**TASK ITEM**
Filter out all lines without the word "shows" from the data below, please, and copy the rest.

---- DATA PROVIDED

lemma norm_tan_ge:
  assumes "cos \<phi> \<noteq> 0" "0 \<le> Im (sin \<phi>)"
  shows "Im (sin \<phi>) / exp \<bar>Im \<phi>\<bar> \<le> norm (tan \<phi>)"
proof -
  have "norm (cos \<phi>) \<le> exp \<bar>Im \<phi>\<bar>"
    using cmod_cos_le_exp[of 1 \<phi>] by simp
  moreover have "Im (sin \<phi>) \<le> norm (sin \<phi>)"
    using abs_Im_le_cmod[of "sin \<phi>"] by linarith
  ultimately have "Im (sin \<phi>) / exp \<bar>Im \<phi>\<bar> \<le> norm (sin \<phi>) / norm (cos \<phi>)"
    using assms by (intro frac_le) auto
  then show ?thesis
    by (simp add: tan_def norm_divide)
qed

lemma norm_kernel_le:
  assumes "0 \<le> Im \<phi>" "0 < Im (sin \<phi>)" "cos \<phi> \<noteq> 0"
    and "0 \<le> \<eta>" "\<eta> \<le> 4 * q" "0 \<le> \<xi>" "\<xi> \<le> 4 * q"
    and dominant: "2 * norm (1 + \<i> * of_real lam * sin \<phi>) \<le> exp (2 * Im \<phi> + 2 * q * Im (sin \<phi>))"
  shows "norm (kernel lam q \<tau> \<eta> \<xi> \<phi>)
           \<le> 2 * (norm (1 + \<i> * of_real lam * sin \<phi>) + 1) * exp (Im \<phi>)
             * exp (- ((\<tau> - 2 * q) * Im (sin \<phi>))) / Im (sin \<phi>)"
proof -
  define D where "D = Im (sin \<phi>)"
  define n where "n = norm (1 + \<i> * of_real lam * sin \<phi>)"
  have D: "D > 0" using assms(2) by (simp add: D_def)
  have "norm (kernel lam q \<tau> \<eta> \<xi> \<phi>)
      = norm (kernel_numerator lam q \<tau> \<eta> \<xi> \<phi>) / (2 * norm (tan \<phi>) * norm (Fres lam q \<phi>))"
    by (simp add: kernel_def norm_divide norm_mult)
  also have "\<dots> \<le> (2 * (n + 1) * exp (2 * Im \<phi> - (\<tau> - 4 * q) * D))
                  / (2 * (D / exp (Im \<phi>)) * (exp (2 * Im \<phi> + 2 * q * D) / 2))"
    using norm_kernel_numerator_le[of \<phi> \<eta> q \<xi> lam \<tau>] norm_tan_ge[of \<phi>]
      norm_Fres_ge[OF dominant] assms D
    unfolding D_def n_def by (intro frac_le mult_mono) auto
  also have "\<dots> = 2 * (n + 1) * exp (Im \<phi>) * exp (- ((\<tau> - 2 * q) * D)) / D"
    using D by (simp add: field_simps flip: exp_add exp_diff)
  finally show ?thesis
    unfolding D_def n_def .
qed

--------

**SOLUTION FOR THIS EXERCISE**
  shows "Im (sin \<phi>) / exp \<bar>Im \<phi>\<bar> \<le> norm (tan \<phi>)"
  shows "norm (kernel lam q \<tau> \<eta> \<xi> \<phi>)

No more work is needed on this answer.